O
mais antigo livro de Carlos de Oliveira, Turismo, publicado na origem em 1942, começa
com o grupo de seis poemas “Infância”, o primeiro dos quais traz “Terra” por título.
Utilizo nesta comunicação o volume das Obras, publicado em 1992 pela Caminho. É
necessária esta informação porque o autor, ao decantar obsessivamente os textos,
suprimiu sequências frásicas e versos. Não raro transmuta longos poemas em menos
que haikus. Assim, na versão final, “Terra” apresenta uma única frase, quebrada
em três versos, num total de nove sílabas: Terra / sem uma gota/ de céu.

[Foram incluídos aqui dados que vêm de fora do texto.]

(* Let $\mathcal{G}$ be a simple temporal graph with $n>2$ vertices. Then, in the strict setting, $\mathcal{G}$ does not admit a temporal spanning tree.
   Context: A temporal graph is $\mathcal{G}=(V,E,\lambda)$ with $V$ a finite vertex set, $E$ a set of undirected edges, and $\lambda:E\to 2^{\mathbb{N}}$ assigning time labels to edges; $(V,E)$ is the footprint. It is simple if every edge has exactly one time label. In the strict setting, a temporal path is a sequence of pairs $(e_i,t_i)$ with $t_i\in\lambda(e_i)$, $\langle e_i\rangle$ a path in the footprint and $\langle t_i\rangle$ strictly increasing. A temporal subgraph keeps a subgraph of the footprint with labels restricted from $\lambda$. A temporal spanning tree of $\mathcal{G}$ is a temporal subgraph spanning all vertices whose footprint is a tree and in which there is a temporal path from every vertex to every other vertex. *)

theory Defs
  imports Main
begin

definition temporal_graph :: "'v set \<Rightarrow> 'v set set \<Rightarrow> ('v set \<Rightarrow> nat set) \<Rightarrow> bool" where
  "temporal_graph V E lam \<longleftrightarrow> finite V \<and>
     (\<forall>e\<in>E. \<exists>u v. u \<noteq> v \<and> u \<in> V \<and> v \<in> V \<and> e = {u, v})"

definition simple_tg :: "'v set set \<Rightarrow> ('v set \<Rightarrow> nat set) \<Rightarrow> bool" where
  "simple_tg E lam \<longleftrightarrow> (\<forall>e\<in>E. card (lam e) = 1)"

definition is_path :: "'v set set \<Rightarrow> 'v list \<Rightarrow> bool" where
  "is_path E vs \<longleftrightarrow> vs \<noteq> [] \<and> distinct vs \<and>
     (\<forall>i. Suc i < length vs \<longrightarrow> {vs ! i, vs ! Suc i} \<in> E)"

definition strict_temporal_path ::
  "'v set set \<Rightarrow> ('v set \<Rightarrow> nat set) \<Rightarrow> 'v \<Rightarrow> 'v \<Rightarrow> 'v list \<Rightarrow> nat list \<Rightarrow> bool" where
  "strict_temporal_path E lam u w vs ts \<longleftrightarrow>
     is_path E vs \<and> hd vs = u \<and> last vs = w \<and>
     length ts + 1 = length vs \<and>
     (\<forall>i < length ts. ts ! i \<in> lam {vs ! i, vs ! Suc i}) \<and>
     sorted_wrt (<) ts"

definition temporally_connected :: "'v set \<Rightarrow> 'v set set \<Rightarrow> ('v set \<Rightarrow> nat set) \<Rightarrow> bool" where
  "temporally_connected V E lam \<longleftrightarrow>
     (\<forall>u\<in>V. \<forall>w\<in>V. u \<noteq> w \<longrightarrow> (\<exists>vs ts. strict_temporal_path E lam u w vs ts))"

definition connected_graph :: "'v set \<Rightarrow> 'v set set \<Rightarrow> bool" where
  "connected_graph V E \<longleftrightarrow>
     (\<forall>u\<in>V. \<forall>w\<in>V. \<exists>vs. is_path E vs \<and> hd vs = u \<and> last vs = w)"

definition has_cycle :: "'v set set \<Rightarrow> bool" where
  "has_cycle E \<longleftrightarrow> (\<exists>vs. is_path E vs \<and> length vs \<ge> 3 \<and> {last vs, hd vs} \<in> E)"

definition is_tree :: "'v set \<Rightarrow> 'v set set \<Rightarrow> bool" where
  "is_tree V E \<longleftrightarrow> connected_graph V E \<and> \<not> has_cycle E"

definition temporal_spanning_tree ::
  "'v set \<Rightarrow> 'v set set \<Rightarrow> ('v set \<Rightarrow> nat set) \<Rightarrow> 'v set set \<Rightarrow> bool" where
  "temporal_spanning_tree V E lam E' \<longleftrightarrow>
     E' \<subseteq> E \<and> is_tree V E' \<and> temporally_connected V E' lam"

end

theory Submission
  imports Defs
begin

text \<open>A tree on more than two vertices has a vertex \<open>b\<close> with two distinct neighbours
\<open>a\<close> and \<open>c\<close>. Since the tree has no cycles, the only path between \<open>a\<close> and \<open>c\<close> is
\<open>a, b, c\<close>, so a strict temporal path from \<open>a\<close> to \<open>c\<close> needs a label of \<open>{a,b}\<close> below
a label of \<open>{b,c}\<close>, and one from \<open>c\<close> to \<open>a\<close> needs the reverse. With a single label
per edge both cannot hold.\<close>

lemma is_path_Cons:
  assumes "is_path E vs" "b \<notin> set vs" "{b, hd vs} \<in> E"
  shows "is_path E (b # vs)"
  using assms unfolding is_path_def
  by (auto simp: nth_Cons hd_conv_nth split: nat.splits)

lemma is_path_take:
  assumes "is_path E vs" "0 < n"
  shows "is_path E (take n vs)"
  using assms unfolding is_path_def by auto

lemma is_path_drop:
  assumes "is_path E vs" "n < length vs"
  shows "is_path E (drop n vs)"
  using assms unfolding is_path_def by (auto simp: distinct_drop)

lemma is_path_edge_or_two_steps:
  assumes "is_path E vs" "hd vs \<noteq> last vs"
  shows "{hd vs, last vs} \<in> E \<or> (\<exists>a b c. {a, b} \<in> E \<and> {b, c} \<in> E \<and> distinct [a, b, c])"
proof -
  consider x where "vs = [x]" | x y where "vs = [x, y]" | x y z zs where "vs = x # y # z # zs"
    using assms by (metis is_path_def list.exhaust)
  then show ?thesis
  proof cases
    case 1
    then show ?thesis using assms(2) by simp
  next
    case 2
    then show ?thesis using assms(1) unfolding is_path_def by force
  next
    case (3 x y z zs)
    then have "{x, y} \<in> E" "{y, z} \<in> E" "distinct [x, y, z]"
      using assms(1) unfolding is_path_def by (force+)
    then show ?thesis by blast
  qed
qed

lemma connected_graph_two_steps:
  assumes "connected_graph V E" "2 < card V"
  shows "\<exists>a b c. {a, b} \<in> E \<and> {b, c} \<in> E \<and> distinct [a, b, c]"
proof (rule ccontr)
  assume no_two_steps: "\<not> ?thesis"
  have adjacent: "{u, w} \<in> E" if uw: "u \<in> V" "w \<in> V" "u \<noteq> w" for u w
  proof -
    obtain vs where vs: "is_path E vs" "hd vs = u" "last vs = w"
      using assms(1) uw(1,2) unfolding connected_graph_def by blast
    then have "{hd vs, last vs} \<in> E"
      using is_path_edge_or_two_steps no_two_steps uw(3) by blast
    then show ?thesis using vs(2,3) by simp
  qed
  have "Suc (Suc (Suc 0)) \<le> card V" using assms(2) by simp
  then obtain x y z where "x \<in> V" "y \<in> V" "z \<in> V" "distinct [x, y, z]"
    unfolding card_le_Suc_iff by fastforce
  then have "{y, x} \<in> E" "{x, z} \<in> E" "distinct [y, x, z]"
    using adjacent by auto
  then show False using no_two_steps by blast
qed

text \<open>In an acyclic graph a path from \<open>a\<close> to \<open>c\<close> must pass through \<open>b\<close> (otherwise
prepending \<open>b\<close> closes a cycle), must reach it in one step (otherwise its initial segment
up to \<open>b\<close> closes a cycle with \<open>{b,a}\<close>), and must then stop at \<open>c\<close> (otherwise the rest
of the path closes a cycle with \<open>{c,b}\<close>).\<close>

lemma acyclic_path_through_common_neighbour:
  assumes acyclic: "\<not> has_cycle E"
    and ab: "{a, b} \<in> E" and bc: "{b, c} \<in> E" and abc: "distinct [a, b, c]"
    and vs: "is_path E vs" "hd vs = a" "last vs = c"
  shows "vs = [a, b, c]"
proof -
  have closes_no_cycle: "\<not> (3 \<le> length ws \<and> {last ws, hd ws} \<in> E)"
    if "is_path E ws" for ws
    using acyclic that unfolding has_cycle_def by blast
  have "vs \<noteq> []" using vs(1) unfolding is_path_def by simp
  then have length_vs: "2 \<le> length vs"
    using vs(2,3) abc by (cases vs) (auto simp: Suc_le_eq split: if_splits)
  have "b \<in> set vs"
  proof (rule ccontr)
    assume "b \<notin> set vs"
    then have "is_path E (b # vs)"
      using is_path_Cons[OF vs(1)] vs(2) ab by (simp add: insert_commute)
    then show False
      using closes_no_cycle[of "b # vs"] length_vs \<open>vs \<noteq> []\<close> vs(3) bc
      by (simp add: insert_commute)
  qed
  then obtain k where k: "k < length vs" "vs ! k = b" by (auto simp: in_set_conv_nth)
  have vs_0: "vs ! 0 = a" using vs(2) \<open>vs \<noteq> []\<close> by (simp add: hd_conv_nth)
  have "k = 1"
  proof (rule ccontr)
    assume "k \<noteq> 1"
    moreover have "k \<noteq> 0" using k vs_0 abc by (metis distinct_length_2_or_more)
    ultimately have "3 \<le> length (take (Suc k) vs)" using k by simp
    moreover have "last (take (Suc k) vs) = b"
      using k by (simp add: take_Suc_conv_app_nth)
    moreover have "hd (take (Suc k) vs) = a"
      using vs(2) \<open>vs \<noteq> []\<close> by (cases vs) auto
    ultimately show False
      using closes_no_cycle[OF is_path_take[OF vs(1), of "Suc k"]] ab
      by (simp add: insert_commute)
  qed
  have "length vs = 3"
  proof (rule ccontr)
    assume "length vs \<noteq> 3"
    moreover have "length vs \<noteq> 2"
      using k \<open>k = 1\<close> vs(3) abc \<open>vs \<noteq> []\<close> by (auto simp: last_conv_nth)
    ultimately have "3 \<le> length (drop 1 vs)" using length_vs by simp
    moreover have "last (drop 1 vs) = c" "hd (drop 1 vs) = b"
      using vs(3) k \<open>k = 1\<close> length_vs by (simp_all add: hd_drop_conv_nth)
    ultimately show False
      using closes_no_cycle[OF is_path_drop[OF vs(1), of 1]] length_vs bc
      by (simp add: insert_commute)
  qed
  then obtain x y z where "vs = [x, y, z]" by (auto simp: length_Suc_conv numeral_3_eq_3)
  then show ?thesis using vs(2,3) k \<open>k = 1\<close> by simp
qed

lemma acyclic_strict_temporal_path_labels:
  assumes "\<not> has_cycle E" "{a, b} \<in> E" "{b, c} \<in> E" "distinct [a, b, c]"
    and "strict_temporal_path E lam a c vs ts"
  shows "\<exists>s t. s \<in> lam {a, b} \<and> t \<in> lam {b, c} \<and> s < t"
proof -
  have path: "is_path E vs" "hd vs = a" "last vs = c"
    and labels: "length ts + 1 = length vs" "\<forall>i < length ts. ts ! i \<in> lam {vs ! i, vs ! Suc i}"
    and increasing: "sorted_wrt (<) ts"
    using assms(5) unfolding strict_temporal_path_def by blast+
  have "vs = [a, b, c]"
    by (rule acyclic_path_through_common_neighbour[OF assms(1-4) path])
  then have "length ts = 2" "ts ! 0 \<in> lam {a, b}" "ts ! 1 \<in> lam {b, c}"
    using labels by auto
  moreover have "ts ! 0 < ts ! 1"
    using increasing \<open>length ts = 2\<close> by (simp add: sorted_wrt_iff_nth_less)
  ultimately show ?thesis by blast
qed

lemma simple_tg_label_unique:
  assumes "simple_tg E lam" "e \<in> E" "s \<in> lam e" "t \<in> lam e"
  shows "s = t"
proof -
  obtain x where "lam e = {x}"
    using assms(1,2) unfolding simple_tg_def by (auto simp: card_1_singleton_iff)
  then show ?thesis using assms(3,4) by simp
qed

lemma temporal_graph_edge_subset:
  assumes "temporal_graph V E lam" "e \<in> E"
  shows "e \<subseteq> V"
proof -
  obtain u v where "u \<in> V" "v \<in> V" "e = {u, v}"
    using assms unfolding temporal_graph_def by blast
  then show ?thesis by simp
qed

theorem lemma1:
  fixes V :: "'v set" and E :: "'v set set" and lam :: "'v set \<Rightarrow> nat set"
  assumes "temporal_graph V E lam"
    and "simple_tg E lam"
    and "card V > 2"
  shows "\<not> (\<exists>E'. temporal_spanning_tree V E lam E')"
proof
  assume "\<exists>E'. temporal_spanning_tree V E lam E'"
  then obtain E' where sub: "E' \<subseteq> E" and conn: "connected_graph V E'"
    and acyclic: "\<not> has_cycle E'" and tc: "temporally_connected V E' lam"
    unfolding temporal_spanning_tree_def is_tree_def by blast
  obtain a b c where ab: "{a, b} \<in> E'" and bc: "{b, c} \<in> E'" and abc: "distinct [a, b, c]"
    using connected_graph_two_steps[OF conn assms(3)] by blast
  have "a \<in> V" "c \<in> V"
    using temporal_graph_edge_subset[OF assms(1)] sub ab bc by blast+
  moreover have "a \<noteq> c" using abc by simp
  ultimately obtain vs ts ws us where "strict_temporal_path E' lam a c vs ts"
    and "strict_temporal_path E' lam c a ws us"
    using tc unfolding temporally_connected_def by metis
  moreover have "{c, b} \<in> E'" "{b, a} \<in> E'" "distinct [c, b, a]"
    using ab bc abc by (auto simp: insert_commute)
  ultimately obtain s t s' t' where "s \<in> lam {a, b}" "t \<in> lam {b, c}" "s < t"
    and "s' \<in> lam {c, b}" "t' \<in> lam {b, a}" "s' < t'"
    using acyclic_strict_temporal_path_labels[OF acyclic] ab bc abc by meson
  moreover have "s = t'" "t = s'"
    using simple_tg_label_unique[OF assms(2)] sub ab bc calculation
    by (auto simp: insert_commute)
  ultimately show False by simp
qed

end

Os poemas de “Infância” são seis, e Turismo é um livro constituído
por apenas três grupos de poemas: “Infância”, “Amazónia” e “Gândara”. Ao referir
tanto algarismo, estou a chamar a atenção para a circunstância de a obra de Carlos
de Oliveira exibir com frequência uma simbologia de cariz maçónico, ora expressa
na numerologia ora na alquimia. O Aprendiz de Feiticeiro, por exemplo, é um dos
seus títulos. Quanto à simbologia maçónica, é obsessivo o uso do três, dir-se-ia
mesmo que esse é o único número que o poeta conhece. Alguns exemplos, coligidos
só no grupo “Cristal em Sória”, parte do livro Entre duas Memórias: “a terceira
luz” que o anjo camponês planta como uma árvore; (p. 330), “a terceira mulher” que
sustém no ar o desenho da casa (p. 339); as “três sílabas fulgentes” que o poeta
escolhe e se tornam “três ímanes” (p. 343).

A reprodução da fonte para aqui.